We believe that the results obtained are interesting when planning a health intervention, given that they allow us to target the intervention more specifically to a certain population group and to certain habits with a greater probability of success.
Study Strengths and Weaknesses
One of the weaknesses of the study conducted lies in the type of sampling used. Snowball sampling relies on participants recommending other potential participants, which can lead to a biased sample and limit control over the number of respondents.
In our case, self-selection bias is observed in that several of the influencers and professionals who supported the dissemination of the survey were people concerned with and interested in nutrition and health. Consequently, the people who followed these networks and received the survey were also interested in these issues and sometimes had higher than average knowledge of the subject and healthier habits.

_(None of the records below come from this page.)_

lemma sync_sends_upto_Suc:
  assumes "sync_sends_upto n"
  shows "sync_sends_upto (Suc n)"
  unfolding sync_sends_upto_def
proof (intro allI impI)
  fix \<tau> c assume run: "run M P (init_config P) \<tau> c" and len: "length (sends \<tau>) \<le> Suc n"
  show "sync_sends (sends \<tau>)"
  proof (cases "sends \<tau> = []")
    case True
    then show ?thesis by (simp add: sync_sends_Nil)
  next
    case False
    then obtain \<tau>1 x \<rho> where \<tau>: "\<tau> = \<tau>1 @ [Send x] @ \<rho>" "sends \<rho> = []"
      by (rule last_send)
    then obtain c0 e where "run M P (init_config P) \<tau>1 c0" "x \<in> msgs M"
      "peer_path (P (src M x)) (init (P (src M x))) (actions_of M (src M x) \<tau>1 @ [Send x]) e"
      using run_send_prefix run by blast
    then show ?thesis
      using sync_sends_snoc[OF assms] len \<tau> by simp
  qed
qed

theorem run_sync_sends: "run M P (init_config P) \<tau> c \<Longrightarrow> sync_sends (sends \<tau>)"
proof -
  have "sync_sends_upto n" for n
  proof (induction n)
    case 0
    then show ?case by (simp add: sync_sends_upto_def sync_sends_Nil)
  qed (rule sync_sends_upto_Suc)
  then show "run M P (init_config P) \<tau> c \<Longrightarrow> sync_sends (sends \<tau>)"
    unfolding sync_sends_upto_def by blast
qed

theorem stable_run_sync_view:
  assumes run: "run M P (init_config P) \<tau> c" and stable: "chans c = (\<lambda>i j. [])"
  shows "peer_path (P k) (init (P k)) (sync_view M k (sends \<tau>)) (ctrl c k)"
proof (cases "k \<in> {1..N}")
  case True
  have "sync_sends_upto (length (sends \<tau>))"
    using run_sync_sends unfolding sync_sends_upto_def by blast
  moreover have "peer_path (P k) (init (P k)) (actions_of M k \<tau> @ []) (ctrl c k)"
    using run by (simp add: run_iff_reached reached_def)
  ultimately show ?thesis
    using sync_view_path[OF True refl _ run, of "[]"] stable by auto
next
  case False
  have "wf_actions \<tau>" "peer_path (P k) (init (P k)) (actions_of M k \<tau>) (ctrl c k)"
    using run by (auto simp: run_iff_reached reached_def)
  moreover have "sync_view M k (sends \<tau>) = []"
    using actions_of_outside[OF _ False] sends_in_msgs[OF calculation(1)] by (simp add: wf_actions_sync)
  ultimately show ?thesis
    using actions_of_outside[OF _ False] by simp
qed

lemma ST_omega_subset_ST0: "ST_omega M P \<subseteq> ST M P 0"
proof
  fix z assume "z \<in> ST_omega M P"
  then consider (sends) \<tau> where "z = Inl (sends \<tau>)" "\<tau> \<in> traces_omega M P"
    | (stable) \<tau> c where "z = Inr (sends \<tau>, c)" "run M P (init_config P) \<tau> c" "stable c"
    unfolding ST_omega_def send_traces_def by (elim UnE imageE) (auto simp only: mem_Collect_eq)
  then show "z \<in> ST M P 0"
  proof cases
    case sends
    then obtain c where "run M P (init_config P) \<tau> c"
      by (auto simp: traces_omega_def traces_def)
    then obtain \<sigma> c' where "synchronous_trace \<sigma>" "run M P (init_config P) \<sigma> c'" "sends \<sigma> = sends \<tau>"
      using run_sync_sends unfolding sync_sends_def by blast
    then have "sends \<tau> \<in> {sends \<tau> |\<tau>. \<tau> \<in> traces M P 0}"
      by (auto simp: traces_def intro!: exI[of _ \<sigma>])
    then show ?thesis
      unfolding sends(1) ST_def send_traces_def by (intro UnI1 imageI)
  next
    case stable
    then have chans: "chans c = (\<lambda>i j. [])"
      by (auto simp: stable_def)
    have "set (sends \<tau>) \<subseteq> msgs M"
      using stable(2) sends_in_msgs by (simp add: run_iff_reached reached_def)
    then have "run M P (init_config P) (sync_actions (sends \<tau>)) c"
      using stable_run_sync_view[OF stable(2) chans] chans by (simp add: run_sync_iff)
    then have "(sends \<tau>, c) \<in> {(sends \<tau>, c) |\<tau> c. \<tau> \<in> traces M P 0 \<and> run M P (init_config P) \<tau> c \<and> stable c}"
      using stable(3) by (auto simp: traces_def synchronous_trace_iff intro!: exI[of _ "sync_actions (sends \<tau>)"])
    then show ?thesis
      unfolding stable(1) ST_def send_traces_def by (intro UnI2 imageI)
  qed
qed

end

theorem theorem4p15:
  fixes M :: "'m msgset" and P :: "nat \<Rightarrow> ('s, 'm) peer"
  assumes "wf_msgset M"
    and "oriented_ring M"
    and "wf_system M P"
  shows "one_synchronizable M P \<longleftrightarrow> synchronizable M P"
proof -
  interpret ring_system M P
    using assms(1,2) by unfold_locales
  show ?thesis
  proof
    assume "one_synchronizable M P"
    then interpret one_sync_ring M P
      by unfold_locales
    show "synchronizable M P"
      unfolding synchronizable_def using ST_0_subset_1 ST_1_subset_omega ST_omega_subset_ST0 by blast
  next
    assume "synchronizable M P"
    then show "one_synchronizable M P"
      unfolding synchronizable_def one_synchronizable_def using ST_0_subset_1 ST_1_subset_omega by blast
  qed
qed

end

To try to minimize this bias, the survey was also disseminated through other channels, independent of the social networks, the main one being mailing to different associations and establishments carefully selected for covering the whole of Spain and for bringing together a heterogeneous public.
The large sample size and the coverage of the entire geography are undoubtedly the strengths of this study. A large sample size provides greater statistical power and reduces the survey’s margin of error. It allows for a more accurate representation of different demographic groups, which increases the likelihood that the findings are representative of the general population.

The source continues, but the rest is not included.